62. Die Beschwerdebegründung entspricht jedenfalls nicht den aus § 160a Abs 2 S 3 SGG abzuleitenden Anforderungen an die Darlegung des allein geltend gemachten Revisionszulassungsgrundes der grundsätzlichen Bedeutung nach § 160 Abs 2 Nr 1 SGG.
7Der Kläger legt die grundsätzliche Bedeutung der Rechtssache nicht in der gesetzlich gebotenen Weise dar. Wer sich auf den Zulassungsgrund der grundsätzlichen Bedeutung der Rechtssache (§ 160 Abs 2 Nr 1 SGG) beruft, muss eine Rechtsfrage klar formulieren und ausführen, inwiefern die Frage im angestrebten Revisionsverfahren entscheidungserheblich sowie klärungsbedürftig und über den Einzelfall hinaus von Bedeutung ist (vgl zB BSG SozR 3-1500 § 160a Nr 21 S 38; BSG SozR 3-4100 § 111 Nr 1 S 2 f; s auch BSG SozR 3-2500 § 240 Nr 33 S 151 f mwN).
8Der Kläger formuliert als Rechtsfragen, ob das vom BSG in seinem Urteil vom - 1 RS 1/93 -, fortgeführt in den Urteilen vom - B 7 SF 2/03 R - und vom - B 9a BL 1/05 R - entwickelte Konzept, eine Abgrenzung zwischen "Erkennensstörung", die zur Anerkennung gesetzlicher Blindheit und in der Konsequenz zu Ansprüchen auf Blindenhilfe nach § 72 SGB XII und zu Leistungen nach den Landesblindengeldgesetzen führt, und der "Benennungsstörung", die derartige Ansprüche ausschließt, in dieser Form aufrechterhalten werden kann oder ob die Abgrenzung des anspruchsberechtigten Personenkreises nicht weitere Faktoren - insbesondere die Teilhabebeeinträchtigung - einbeziehen muss.

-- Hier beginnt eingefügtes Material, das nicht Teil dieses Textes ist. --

(* Let $(\mathcal G,\mathcal F)$ be a $B_n$-generalized almost pseudo-Hermitian structure on an odd exact Courant algebroid $E$ over a manifold $M$ of dimension $n$, let $U:=\ker\mathcal F$ and let $u_0\in\Gamma(U)$ satisfy $\langle u_0,u_0\rangle=(-1)^n$. Then: (i) $\mathcal G^{\mathrm{end}}(u_0)=(-1)^nu_0$; i.e. $u_0$ is a section of $E_+$ if $n$ is even and of $E_-$ if $n$ is odd; (ii) for all $u,v\in E$, $\mathcal G(\mathcal Fu,\mathcal Fv)=\mathcal G(u,v)-\langle u,u_0\rangle\langle v,u_0\rangle$ and $\mathcal G(\mathcal Fu,v)=-\mathcal G(u,\mathcal Fv)$, where $\mathcal G(u,v):=\langle\mathcal G^{\mathrm{end}}u,v\rangle$.
   Context: An odd exact Courant algebroid over an $n$-manifold $M$ is a Courant algebroid (vector bundle $E$ with nondegenerate symmetric scalar product $\langle\cdot,\cdot\rangle$, Dorfman bracket and anchor $\pi:E\to TM$) isomorphic to $TM\oplus T^*M\oplus\mathbb R$ with scalar product $\langle X+\xi+\lambda,Y+\eta+\mu\rangle=\tfrac12(\eta(X)+\xi(Y))+\lambda\mu$, anchor the projection and Dorfman bracket $[X+\xi+\lambda,Y+\eta+\mu]=\mathcal L_XY+\mathcal L_X\eta-i_Yd\xi+2\mu\,d\lambda+i_Xi_YH-2(\mu\,i_XF-\lambda\,i_YF)+X(\mu)-Y(\lambda)+F(X,Y)$ for some closed $2$-form $F$ and $3$-form $H$ with $dH=-F\wedge F$. A generalized metric is a rank $n$ subbundle $E_-\subset E$ on which $\langle\cdot,\cdot\rangle$ is nondegenerate and with $\pi|_{E_-}$ an isomorphism onto $TM$; $E_+:=E_-^\perp$, $\mathcal G^{\mathrm{end}}=\pm\mathrm{Id}$ on $E_\pm$. A $B_n$-generalized almost complex structure is an endomorphism $\mathcal F$ whose $i$-eigenbundle $L\subset E\otimes\mathbb C$ is isotropic of rank $n$ with $L\cap\bar L=0$, whose $-i$-eigenbundle is $\bar L$ and which vanishes on the rank-one bundle $(L\oplus\bar L)^\perp$. A $B_n$-generalized almost pseudo-Hermitian structure is such a pair $(\mathcal G,\mathcal F)$ with $\mathcal G^{\mathrm{end}}\mathcal F=\mathcal F\mathcal G^{\mathrm{end}}$. *)

theory Defs
  imports "HOL-Analysis.Analysis"
begin

text \<open>Fibre of the odd exact Courant algebroid TM + T*M + R at a point of an
n-manifold, n = CARD('n).  T_xM is identified with real^'n and T*_xM with
real^'n via the dual basis, so that the pairing eta(X) is the dot product.\<close>

type_synonym 'n fib = "(real^'n) \<times> (real^'n) \<times> real"

definition sp :: "('n::finite) fib \<Rightarrow> 'n fib \<Rightarrow> real" where
  "sp x y = (case x of (X, xi, l) \<Rightarrow> case y of (Y, eta, m) \<Rightarrow>
              (eta \<bullet> X + xi \<bullet> Y) / 2 + l * m)"

definition anchor :: "('n::finite) fib \<Rightarrow> real^'n" where
  "anchor x = fst x"

text \<open>Complexification E (x) C, modelled as pairs (a,b) meaning a + i b.\<close>

type_synonym 'n cfib = "('n::finite) fib \<times> 'n fib"

definition cmult_i :: "('n::finite) cfib \<Rightarrow> 'n cfib" where
  "cmult_i w = (- snd w, fst w)"

definition cconj :: "('n::finite) cfib \<Rightarrow> 'n cfib" where
  "cconj w = (fst w, - snd w)"

definition csp :: "('n::finite) cfib \<Rightarrow> 'n cfib \<Rightarrow> complex" where
  "csp w z = Complex (sp (fst w) (fst z) - sp (snd w) (snd z))
                     (sp (fst w) (snd z) + sp (snd w) (fst z))"

definition cext :: "(('n::finite) fib \<Rightarrow> 'n fib) \<Rightarrow> 'n cfib \<Rightarrow> 'n cfib" where
  "cext F w = (F (fst w), F (snd w))"

definition complex_subspace :: "('n::finite) cfib set \<Rightarrow> bool" where
  "complex_subspace L \<longleftrightarrow> subspace L \<and> (\<forall>w\<in>L. cmult_i w \<in> L)"

definition complex_rank :: "('n::finite) cfib set \<Rightarrow> nat \<Rightarrow> bool" where
  "complex_rank L k \<longleftrightarrow> complex_subspace L \<and> dim L = 2 * k"

definition isotropic :: "('n::finite) cfib set \<Rightarrow> bool" where
  "isotropic L \<longleftrightarrow> (\<forall>w\<in>L. \<forall>z\<in>L. csp w z = 0)"

definition i_eigenspace :: "(('n::finite) fib \<Rightarrow> 'n fib) \<Rightarrow> 'n cfib set" where
  "i_eigenspace F = {w. cext F w = cmult_i w}"

definition minus_i_eigenspace :: "(('n::finite) fib \<Rightarrow> 'n fib) \<Rightarrow> 'n cfib set" where
  "minus_i_eigenspace F = {w. cext F w = - cmult_i w}"

definition Bn_gen_almost_complex :: "(('n::finite) fib \<Rightarrow> 'n fib) \<Rightarrow> bool" where
  "Bn_gen_almost_complex F \<longleftrightarrow> linear F \<and>
     (let L = i_eigenspace F; Lbar = cconj ` L in
        isotropic L \<and> complex_rank L CARD('n) \<and> L \<inter> Lbar = {0} \<and>
        minus_i_eigenspace F = Lbar \<and>
        (\<forall>w. (\<forall>z\<in>{a + b | a b. a \<in> L \<and> b \<in> Lbar}. csp w z = 0)
              \<longrightarrow> cext F w = 0))"

definition gen_metric :: "('n::finite) fib set \<Rightarrow> bool" where
  "gen_metric Em \<longleftrightarrow> subspace Em \<and> dim Em = CARD('n) \<and>
     (\<forall>x\<in>Em. (\<forall>y\<in>Em. sp x y = 0) \<longrightarrow> x = 0) \<and>
     bij_betw anchor Em UNIV"

definition Eplus :: "('n::finite) fib set \<Rightarrow> 'n fib set" where
  "Eplus Em = {x. \<forall>y\<in>Em. sp x y = 0}"

text \<open>G^end: +Id on E_+ and -Id on E_-\<close>
definition is_Gend :: "('n::finite) fib set \<Rightarrow> ('n fib \<Rightarrow> 'n fib) \<Rightarrow> bool" where
  "is_Gend Em G \<longleftrightarrow> linear G \<and> (\<forall>x\<in>Eplus Em. G x = x) \<and> (\<forall>x\<in>Em. G x = - x)"

definition Bn_gen_almost_pseudo_hermitian ::
  "('n::finite) fib set \<Rightarrow> ('n fib \<Rightarrow> 'n fib) \<Rightarrow> ('n fib \<Rightarrow> 'n fib) \<Rightarrow> bool" where
  "Bn_gen_almost_pseudo_hermitian Em G F \<longleftrightarrow>
     gen_metric Em \<and> is_Gend Em G \<and> Bn_gen_almost_complex F \<and> G \<circ> F = F \<circ> G"

definition Gform :: "(('n::finite) fib \<Rightarrow> 'n fib) \<Rightarrow> 'n fib \<Rightarrow> 'n fib \<Rightarrow> real" where
  "Gform G u v = sp (G u) v"

end

theory Submission
  imports Defs
begin

text \<open>Let \<open>V = {a. F (F a) = - a}\<close>, the real part of \<open>L \<oplus> cconj ` L\<close>: it has dimension \<open>2n\<close>, \<open>F\<close> is a
complex structure on it, and isotropy of \<open>L\<close> makes \<open>F\<close> isometric and skew on \<open>V\<close>. The kernel
vector \<open>u\<^sub>0\<close> spans a complement of \<open>V\<close>, and \<open>V \<bottom> u\<^sub>0\<close> because the orthogonal of \<open>V\<close> lies in
\<open>ker F\<close>; splitting \<open>u, v\<close> along \<open>V \<oplus> \<real>u\<^sub>0\<close> then gives (ii). Since \<open>G\<close> commutes with \<open>F\<close>, \<open>u\<^sub>0\<close> is an
eigenvector of \<open>G\<close>, so it lies in \<open>E\<^sub>+\<close> or in \<open>E\<^sub>-\<close>. Both are \<open>F\<close>-invariant, and an \<open>F\<close>-invariant
subspace containing \<open>u\<^sub>0\<close> is \<open>\<real>u\<^sub>0\<close> plus a complex subspace of \<open>V\<close>, hence odd-dimensional. As
\<open>dim E\<^sub>+ = n + 1\<close> and \<open>dim E\<^sub>- = n\<close>, the parity of \<open>n\<close> decides which one contains \<open>u\<^sub>0\<close>.\<close>

definition sp_dual :: "('n::finite) fib \<Rightarrow> 'n fib" where
  "sp_dual y = ((1/2) *\<^sub>R fst (snd y), (1/2) *\<^sub>R fst y, snd (snd y))"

9Es ist schon nicht klar, ob der Kläger damit insgesamt entscheidungserhebliche Fragen des revisiblen Rechts (§ 162 SGG) aufwirft, die in einem späteren Revisionsverfahren der Klärung zugänglich wären (vgl - RdNr 8 mwN). Jedenfalls zeigt er den Klärungsbedarf nicht ausreichend auf. Um darzulegen, dass einer bereits entschiedenen Rechtsfrage gleichwohl noch grundsätzliche Bedeutung zukomme, hat ein Beschwerdeführer aufzuzeigen, in welchem Umfang, von welcher Seite und mit welcher Begründung der vorhandenen Rechtsprechung widersprochen werde bzw die Beantwortung der Rechtsfrage umstritten sei (BSG SozR 1500 § 160 Nr 51). Dasselbe gilt für die Behauptung, dass neue erhebliche Gesichtspunkte zu berücksichtigen seien, die zu einer über die bisherige Erörterung hinausgehenden Betrachtung der grundsätzlich bereits entschiedenen Rechtsfrage führen könnten und die Möglichkeit einer anderweitigen Entscheidung nicht offensichtlich ausschlössen (vgl hierzu BSG SozR 3-4100 § 111 Nr 1 S 2 mwN; s auch Leitherer in Meyer-Ladewig/Keller/Leitherer, SGG, 10. Aufl 2012, § 160 RdNr 8b). Diesen Anforderungen wird die Beschwerdebegründung nicht gerecht.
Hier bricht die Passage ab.